Delete rows and columns in a matrix based on the element index

This is a follow-up question from here: Define a 4d matrix without for loop

I have a 400x400 2d matrix reshaped from a 4d matrix H(i,j,k,l),

H(0,0,0,0)  H (0,0,0,1) ... H(0,0,0,N)... H(0,0,1,0) ... H(0,0,N,N)
H(0,1,0,0)  H (0,1,0,1) ... H(0,1,0,N)... H(0,1,1,0) ... H(0,1,N,N)
...
H(1,0,0,0)  H (1,0,0,1) ... H(1,0,0,N)... H(1,0,1,0) ... H(1,0,N,N)

...
H(N,N,0,0)  H (N,N,0,1) ... H(N,N,0,N)... H(N,N,1,0) ... H(N,N,N,N)

now I would like to modify/delete some rows and columns like this:

1. If i==j, then half this element


2. If i>j OR k>l, then delete this element

I have checked the manual for DeleteCase and some other resources but have no luck yet. Does anyone has a idea how to implement it? Thanks.

UPDATED: Kglr has given the pre and post matrix forms in the answer.
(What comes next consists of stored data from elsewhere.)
lemma measure_le_sum_of_cover:
  fixes t :: "'i \<Rightarrow> real"
  assumes "A \<in> sets M" and "finite I" and "A \<subseteq> (\<Union>i\<in>I. B i)"
    and "\<And>i. i \<in> I \<Longrightarrow> B i \<in> sets M"
    and "\<And>i. i \<in> I \<Longrightarrow> emeasure M (B i) \<le> ennreal (t i)"
    and "\<And>i. i \<in> I \<Longrightarrow> 0 \<le> t i"
  shows "measure M A \<le> (\<Sum>i\<in>I. t i)"
proof -
  have "emeasure M A \<le> emeasure M (\<Union>i\<in>I. B i)"
    using assms(2-4) by (intro emeasure_mono) auto
  also have "\<dots> \<le> (\<Sum>i\<in>I. emeasure M (B i))"
    using assms(2,4) by (intro emeasure_subadditive_finite) auto
  also have "\<dots> \<le> (\<Sum>i\<in>I. ennreal (t i))"
    using assms(5) by (rule sum_mono)
  also have "\<dots> = ennreal (\<Sum>i\<in>I. t i)"
    using assms(6) by simp
  finally show ?thesis
    unfolding measure_def using assms(6) by (intro enn2real_leI sum_nonneg) auto
qed

lemma dyadic_scale_exists:
  fixes r t :: real
  assumes "r < t" and "t \<le> r * 2 ^ N"
  shows "\<exists>k<N. r * 2 ^ k < t \<and> t \<le> r * 2 ^ Suc k"
  using assms(2)
proof (induction N)
  case 0
  with assms(1) show ?case by simp
next
  case (Suc N)
  show ?case
  proof (cases "t \<le> r * 2 ^ N")
    case True
    with Suc.IH show ?thesis using less_SucI by blast
  next
    case False
    with Suc.prems show ?thesis by auto
  qed
qed

lemma girg_vertices_meet_prob_le:
  assumes "girg_vertices M V n D" and "A \<in> sets (lborel \<Otimes>\<^sub>M D)"
  shows "{\<omega> \<in> space M. V \<omega> \<inter> A \<noteq> {}} \<in> sets M"
    and "measure M {\<omega> \<in> space M. V \<omega> \<inter> A \<noteq> {}} \<le> girg_intensity n D A"
proof -
  interpret prob_space M
    using assms(1) by (simp add: girg_vertices_def)
  have "indep_vars (\<lambda>_. count_space UNIV) (\<lambda>i \<omega>. card (V \<omega> \<inter> A)) {0::nat} \<and>
      (\<forall>k. measure M {\<omega> \<in> space M. card (V \<omega> \<inter> A) = k} = poisson_prob (girg_intensity n D A) k)"
    using assms unfolding girg_vertices_def
    by (auto dest!: spec[of _ "{0::nat}"] spec[of _ "\<lambda>_. A"] simp: disjoint_family_on_def)
  then have count_measurable: "(\<lambda>\<omega>. card (V \<omega> \<inter> A)) \<in> measurable M (count_space UNIV)"
    and no_hit: "prob {\<omega> \<in> space M. card (V \<omega> \<inter> A) = 0} = exp (- girg_intensity n D A)"
    by (auto simp: indep_vars_def poisson_prob_def)
  \<comment> \<open>\<open>card\<close> is also 0 on infinite sets; this uses that the vertex sets are finite.\<close>
  have hit_eq: "{\<omega> \<in> space M. V \<omega> \<inter> A \<noteq> {}} = space M - {\<omega> \<in> space M. card (V \<omega> \<inter> A) = 0}"
    using assms(1) by (auto simp: girg_vertices_def)
  have no_hit_event: "{\<omega> \<in> space M. card (V \<omega> \<inter> A) = 0} \<in> events"
    using count_measurable by measurable
  then show "{\<omega> \<in> space M. V \<omega> \<inter> A \<noteq> {}} \<in> sets M"
    unfolding hit_eq by auto
  have "prob {\<omega> \<in> space M. V \<omega> \<inter> A \<noteq> {}} = 1 - exp (- girg_intensity n D A)"
    unfolding hit_eq using prob_compl[OF no_hit_event] no_hit by simp
  also have "\<dots> \<le> girg_intensity n D A"
    using exp_ge_add_one_self[of "- girg_intensity n D A"] by simp
  finally show "measure M {\<omega> \<in> space M. V \<omega> \<inter> A \<noteq> {}} \<le> girg_intensity n D A" .
qed

definition heavy_far_points :: "real \<Rightarrow> real \<Rightarrow> real \<Rightarrow> ((real^'d) \<times> real) set" where
  "heavy_far_points e r n =
     {(x, w). x \<in> torus - torus_ball r \<and> (torus_norm x ^ CARD('d) * n) powr (1 / e) \<le> w}"

lemma heavy_far_points_in_sets:
  assumes "sets D = sets borel"
  shows "(heavy_far_points e r n :: ((real^'d) \<times> real) set) \<in> sets (lborel \<Otimes>\<^sub>M D)"
proof -
  have sets_eq: "sets (lborel \<Otimes>\<^sub>M D) = sets (lborel \<Otimes>\<^sub>M (borel :: real measure))"
    using assms by (intro sets_pair_measure_cong) simp_all
  have "(heavy_far_points e r n :: ((real^'d) \<times> real) set) =
      {p \<in> space (lborel \<Otimes>\<^sub>M borel). fst p \<in> torus \<and> \<not> torus_norm (fst p) \<le> r \<and>
         (torus_norm (fst p) ^ CARD('d) * n) powr (1 / e) \<le> snd p}"
    by (auto simp: heavy_far_points_def torus_ball_def space_pair_measure)
  also have "\<dots> \<in> sets (lborel \<Otimes>\<^sub>M borel)"
    by measurable
  finally show ?thesis
    unfolding sets_eq .
qed
(* Let $B:[0,T]\to\mathbb R$ and $B_u:[0,T]\to\mathbb R$ be solutions of the constrained and unconstrained ODEs of the context, and let $\pi^\ast,\pi_u,\pi_M$ be as in the context. If $\rho=0$ or $\pi_M\in[\alpha,\beta]$, then $\pi^\ast(t)=\mathrm{Cap}(\pi_u(t),\alpha,\beta)$ for all $t\in[0,T]$.
   Context: Parameters: $T>0$; $\eta,\kappa,\sigma>0$; $\rho\in(-1,1)$; $b<1$, $b\ne0$; $K=[\alpha,\beta]$, $-\infty\le\alpha<\beta\le\infty$; $\delta_K(x)=-\alpha x\mathbf 1_{\{x>0\}}-\beta x\mathbf 1_{\{x<0\}}$. $B_-=\frac{(1-b)\alpha-\eta}\sigma$, $B_+=\frac{(1-b)\beta-\eta}\sigma$; $r_0=-\frac b{2(1-b)}\eta^2$, $r_1=\frac b{1-b}\eta\sigma\rho-\kappa$, $r_2=\sigma^2(1+\frac b{1-b}\rho^2)$. Constrained ODE: $B'(\tau)=-\kappa B+\frac12\sigma^2B^2+\frac12\frac b{1-b}\inf_{\lambda\in\mathbb R}(2(1-b)\delta_K(\lambda)+(\eta+\lambda+\sigma\rho B)^2)$, $B(0)=0$. Unconstrained ODE: $B_u'(\tau)=-r_0+r_1B_u+\frac12r_2B_u^2$, $B_u(0)=0$. $\lambda^\ast(B)=[(1-b)\alpha-(\eta+\sigma\rho B)]\mathbf 1_{\{\rho B<B_-\}}+[(1-b)\beta-(\eta+\sigma\rho B)]\mathbf 1_{\{\rho B>B_+\}}$; $\pi^\ast(t)=\frac1{1-b}(\eta+\lambda^\ast(B(T-t))+\sigma\rho B(T-t))$; $\pi_u(t)=\frac1{1-b}(\eta+\sigma\rho B_u(T-t))$; $\pi_M=\frac\eta{1-b}$; $\mathrm{Cap}(x,\alpha,\beta)=\alpha$ if $x<\alpha$, $x$ if $\alpha\le x\le\beta$, $\beta$ if $x>\beta$. *)

theory Defs
  imports "HOL-Analysis.Analysis" "HOL-Library.Extended_Real"
begin

text \<open>The bounds alpha, beta of K = [alpha, beta] may be infinite, so they are extended reals.\<close>

definition deltaK :: "ereal \<Rightarrow> ereal \<Rightarrow> real \<Rightarrow> ereal" where
  "deltaK \<alpha> \<beta> x =
     (if x > 0 then - \<alpha> * ereal x else if x < 0 then - \<beta> * ereal x else 0)"

definition B_minus :: "real \<Rightarrow> real \<Rightarrow> real \<Rightarrow> ereal \<Rightarrow> ereal" where
  "B_minus b \<eta> \<sigma> \<alpha> = (ereal (1 - b) * \<alpha> - ereal \<eta>) / ereal \<sigma>"

definition B_plus :: "real \<Rightarrow> real \<Rightarrow> real \<Rightarrow> ereal \<Rightarrow> ereal" where
  "B_plus b \<eta> \<sigma> \<beta> = (ereal (1 - b) * \<beta> - ereal \<eta>) / ereal \<sigma>"

definition r0 :: "real \<Rightarrow> real \<Rightarrow> real" where
  "r0 b \<eta> = - b / (2 * (1 - b)) * \<eta>^2"

definition r1 :: "real \<Rightarrow> real \<Rightarrow> real \<Rightarrow> real \<Rightarrow> real \<Rightarrow> real" where
  "r1 b \<eta> \<sigma> \<rho> \<kappa> = b / (1 - b) * \<eta> * \<sigma> * \<rho> - \<kappa>"

definition r2 :: "real \<Rightarrow> real \<Rightarrow> real \<Rightarrow> real" where
  "r2 b \<sigma> \<rho> = \<sigma>^2 * (1 + b / (1 - b) * \<rho>^2)"

text \<open>Right-hand side of the constrained ODE (the infimum is finite; it is taken in ereal
  since delta_K may be +infinity).\<close>
definition constr_rhs ::
  "real \<Rightarrow> real \<Rightarrow> real \<Rightarrow> real \<Rightarrow> real \<Rightarrow> ereal \<Rightarrow> ereal \<Rightarrow> real \<Rightarrow> real" where
  "constr_rhs b \<eta> \<kappa> \<sigma> \<rho> \<alpha> \<beta> B =
     - \<kappa> * B + 1/2 * \<sigma>^2 * B^2
     + 1/2 * (b / (1 - b)) *
       real_of_ereal (INF l\<in>UNIV. ereal (2 * (1 - b)) * deltaK \<alpha> \<beta> l
                                  + ereal ((\<eta> + l + \<sigma> * \<rho> * B)^2))"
Thanks.

Answer

f1 = Partition[# @@@ Tuples[Range[0, #2], #2 + 1], (#2 + 1)^2] &;
m1 = f1[H, 3];

Use ReplaceAll

m2 = m1 /.  H[i_, j_, k_, l_] /; (i > j || k > l) :> Sequence[] /. 
            H[i_, i_, k_, l_] :> H[i, i, k, l]/2 /. {} -> Style[0, Red];

Or DeleteCases

m2b = DeleteCases[m1, H[i_, j_, k_, l_] /; (i > j || k > l), 2] /. 

         a : H[i_, i_, _, _] :> a/2 /. {} -> Style[0, Red]

m2b == m2

True

Or, construct the original matrix using your conditions

m2c = ArrayReshape[ Array[Which[# > #2 || #3 > #4, foo, # == #2, H[##]/2, True, H[##]] &,
       {4, 4, 4, 4}, {0, 0, 0, 0}], {16, 16}] /. foo -> Sequence[] /. {} -> Style[0, Red]


 m2c == m2

True

Style[0,Red] is for the purpose of checking if the right rows and columns are deleted. Replace Style[0,Red] with Sequence[] after verifying that f1 works as intended.

(In the following, H[a, b, c, d] is replaced with H[abcd] to see the entire matrix in the notebook window).

MatrixForm@(m1 /. H[a___] :> H[StringJoin[ToString /@ {a}]])

MatrixForm@(m2 /. H[a___] :> H[StringJoin[ToString /@ {a}]])